Some observers believe that modern science tends to give too much weight to the nature side of the argument, in part because of social consciousness. Historically, much of this debate has had undertones of racist and eugenicist policies —the notion of race as a scientific truth has often been assumed as a prerequisite in various incarnations of the nature versus nurture debate. In the past, heredity was often used as "scientific" justification for various forms of discrimination and oppression along racial and class lines. Works published in the United States since the 1960s that argue for the primacy of "nature" over "nurture" in determining certain characteristics, such as The Bell Curve, have been greeted with considerable controversy and scorn.
A critique of moral arguments against the nature side of the argument could be that they cross the is-ought gap. That is, they apply values to facts. However, such appliance appears to construct reality. Belief in biologically determined stereotypes and abilities has been shown to increase the kind of behavior that is associated with such stereotypes and to impair intellectual performance through, among other things, the stereotype threat phenomenon.

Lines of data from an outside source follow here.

(* Let $q$ be even and $n\ge1$, and let $W$ be an $n$-dimensional Wild subspace over $\mathrm{GF}(q)$. If $f,g\in W$ with $f\neq g$, then $f(1)\neq g(1)$.
   Context: Let $q$ be even. An o-permutation over $\mathrm{GF}(q^n)$ is a function $f:\mathrm{GF}(q^n)\to\mathrm{GF}(q^n)$ with $f(0)=0$ such that, for every $s\in\mathrm{GF}(q^n)$, the map $x\mapsto (f(x+s)+f(s))/x$ is a permutation of $\mathrm{GF}(q^n)\setminus\{0\}$; an o-polynomial is an o-permutation $f$ with $f(1)=1$. Let $\mathfrak F$ be the $\mathrm{GF}(q)$-vector space of all functions $f:\mathrm{GF}(q^n)\to\mathrm{GF}(q^n)$ with $f(0)=0$. An $n$-dimensional Wild subspace over $\mathrm{GF}(q)$ is an $n$-dimensional $\mathrm{GF}(q)$-subspace $W$ of $\mathfrak F$ every nonzero element of which is an o-permutation over $\mathrm{GF}(q^n)$. *)

theory Defs
  imports Main
begin

text \<open>GF(q^n) is modelled as a finite field type 'a; GF(q) as a subfield K of it.\<close>

definition subfield :: "'a::field set \<Rightarrow> bool" where
  "subfield K \<longleftrightarrow> 0 \<in> K \<and> 1 \<in> K \<and>
     (\<forall>x\<in>K. \<forall>y\<in>K. x + y \<in> K \<and> x - y \<in> K \<and> x * y \<in> K) \<and>
     (\<forall>x\<in>K. x \<noteq> 0 \<longrightarrow> inverse x \<in> K)"

definition o_permutation :: "('a::field \<Rightarrow> 'a) \<Rightarrow> bool" where
  "o_permutation f \<longleftrightarrow> f 0 = 0 \<and>
     (\<forall>s. bij_betw (\<lambda>x. (f (x + s) + f s) / x) (UNIV - {0}) (UNIV - {0}))"

definition frakF :: "('a::zero \<Rightarrow> 'a) set" where
  "frakF = {f. f 0 = 0}"

text \<open>W is an n-dimensional K-subspace of the K-vector space of functions
  'a \<Rightarrow> 'a (pointwise operations, scalar multiplication by elements of K):
  W is the K-span of n K-linearly independent functions.\<close>
definition K_subspace_dim :: "'a::field set \<Rightarrow> nat \<Rightarrow> ('a \<Rightarrow> 'a) set \<Rightarrow> bool" where
  "K_subspace_dim K n W \<longleftrightarrow> (\<exists>b :: nat \<Rightarrow> 'a \<Rightarrow> 'a.
     W = {(\<lambda>x. \<Sum>i<n. c i * b i x) | c. \<forall>i<n. c i \<in> K} \<and>
     (\<forall>c. (\<forall>i<n. c i \<in> K) \<and> (\<lambda>x. \<Sum>i<n. c i * b i x) = (\<lambda>x. 0) \<longrightarrow> (\<forall>i<n. c i = 0)))"

definition wild_subspace :: "'a::field set \<Rightarrow> nat \<Rightarrow> ('a \<Rightarrow> 'a) set \<Rightarrow> bool" where
  "wild_subspace K n W \<longleftrightarrow> W \<subseteq> frakF \<and> K_subspace_dim K n W \<and>
     (\<forall>f\<in>W. f \<noteq> (\<lambda>x. 0) \<longrightarrow> o_permutation f)"

end

theory Submission
  imports Defs
begin

text \<open>The difference of two distinct elements of a Wild subspace is a nonzero element of it, hence
  an o-permutation; an o-permutation vanishes only at 0, so the difference does not vanish at 1.\<close>

lemma o_permutation_nonzero:
  assumes "o_permutation f" and "x \<noteq> 0"
  shows "f x \<noteq> 0"
proof -
  from assms(1) have "f 0 = 0"
    and "bij_betw (\<lambda>x. (f (x + 0) + f 0) / x) (UNIV - {0}) (UNIV - {0})"
    unfolding o_permutation_def by blast+
  then have "bij_betw (\<lambda>x. f x / x) (UNIV - {0}) (UNIV - {0})"
    by simp
  then have "f x / x \<noteq> 0"
    using bij_betwE assms(2) by blast
  then show ?thesis by auto
qed

lemma K_subspace_dim_diff:
  assumes "subfield K" and "K_subspace_dim K n W" and "f \<in> W" and "g \<in> W"
  shows "(\<lambda>x. f x - g x) \<in> W"
proof -
  from assms(2) obtain b :: "nat \<Rightarrow> 'a \<Rightarrow> 'a" where
    W: "W = {(\<lambda>x. \<Sum>i<n. c i * b i x) | c. \<forall>i<n. c i \<in> K}"
    unfolding K_subspace_dim_def by blast
  obtain c d where cd: "\<forall>i<n. c i \<in> K" "\<forall>i<n. d i \<in> K"
    and f: "f = (\<lambda>x. \<Sum>i<n. c i * b i x)" and g: "g = (\<lambda>x. \<Sum>i<n. d i * b i x)"
    using assms(3,4) W by blast
  have diff_in_K: "\<forall>i<n. c i - d i \<in> K"
    using cd assms(1) unfolding subfield_def by blast
  have diff_eq: "(\<lambda>x. f x - g x) = (\<lambda>x. \<Sum>i<n. (c i - d i) * b i x)"
    unfolding f g by (simp add: left_diff_distrib sum_subtractf)
  show ?thesis
    unfolding W diff_eq by (intro CollectI exI[of _ "\<lambda>i. c i - d i"]) (simp add: diff_in_K)
qed

theorem lemma1:
  fixes K :: "'a::{field,finite} set" and q n :: nat and W :: "('a \<Rightarrow> 'a) set"
  assumes "even q" and "n \<ge> 1"
    and "subfield K" and "card K = q" and "card (UNIV :: 'a set) = q ^ n"
    and "wild_subspace K n W"
    and "f \<in> W" and "g \<in> W" and "f \<noteq> g"
  shows "f 1 \<noteq> g 1"
proof -
  let ?h = "\<lambda>x. f x - g x"
  have "?h \<in> W"
    using assms(3,6-8) K_subspace_dim_diff unfolding wild_subspace_def by blast
  moreover have "?h \<noteq> (\<lambda>x. 0)"
  proof
    assume "?h = (\<lambda>x. 0)"
    then have "f = g"
      by (simp add: fun_eq_iff)
    with assms(9) show False ..
  qed
  ultimately have "o_permutation ?h"
    using assms(6) unfolding wild_subspace_def by blast
  then have "?h 1 \<noteq> 0"
    using o_permutation_nonzero one_neq_zero by blast
  then show ?thesis by simp
qed

end
lemma orthogonal_overlap_bound:
  "\<exists>c N. 0 \<le> c \<and> (\<forall>n\<ge>N. \<forall>X Y.
     X \<in> carrier_mat D D \<and> Y \<in> carrier_mat D D \<and> mps_inner p A n X Y = 0 \<longrightarrow>
     cmod (overlap X Y) \<le> c * lambda2 E powr (real n / 2) * frob_norm X * frob_norm Y)"
proof -
  obtain c N where c: "0 \<le> c" and approx: "\<And>n X Y. n \<ge> N \<Longrightarrow> X \<in> carrier_mat D D \<Longrightarrow>
      Y \<in> carrier_mat D D \<Longrightarrow>
      cmod (mps_inner p A n X Y - overlap X Y) \<le> c * sqrt (lambda2 E) ^ n * frob_norm X * frob_norm Y"
    using mps_inner_approx by blast
  have "cmod (overlap X Y) \<le> c * lambda2 E powr (real n / 2) * frob_norm X * frob_norm Y"
    if n: "n \<ge> max N 1" and X: "X \<in> carrier_mat D D" and Y: "Y \<in> carrier_mat D D"
      and orth: "mps_inner p A n X Y = 0" for n X Y
    using approx[OF _ X Y, of n] n orth powr_half_eq_sqrt_power[OF lambda2_bounds(1), of n] by simp
  then show ?thesis using c by blast
qed

end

Within the debates surrounding cloning, for example, is the far-fetched contention that a Jesus or a Hitler could be "re-created" through genetic cloning. Current thinking finds this largely inaccurate, and discounts the possibility that the clone of anyone would grow up to be the same individual due to environmental variation. For example, like clones, identical twins are genetically identical, and unlike the hypothetical clones share the same family environment, yet they are not identical in personality and other traits.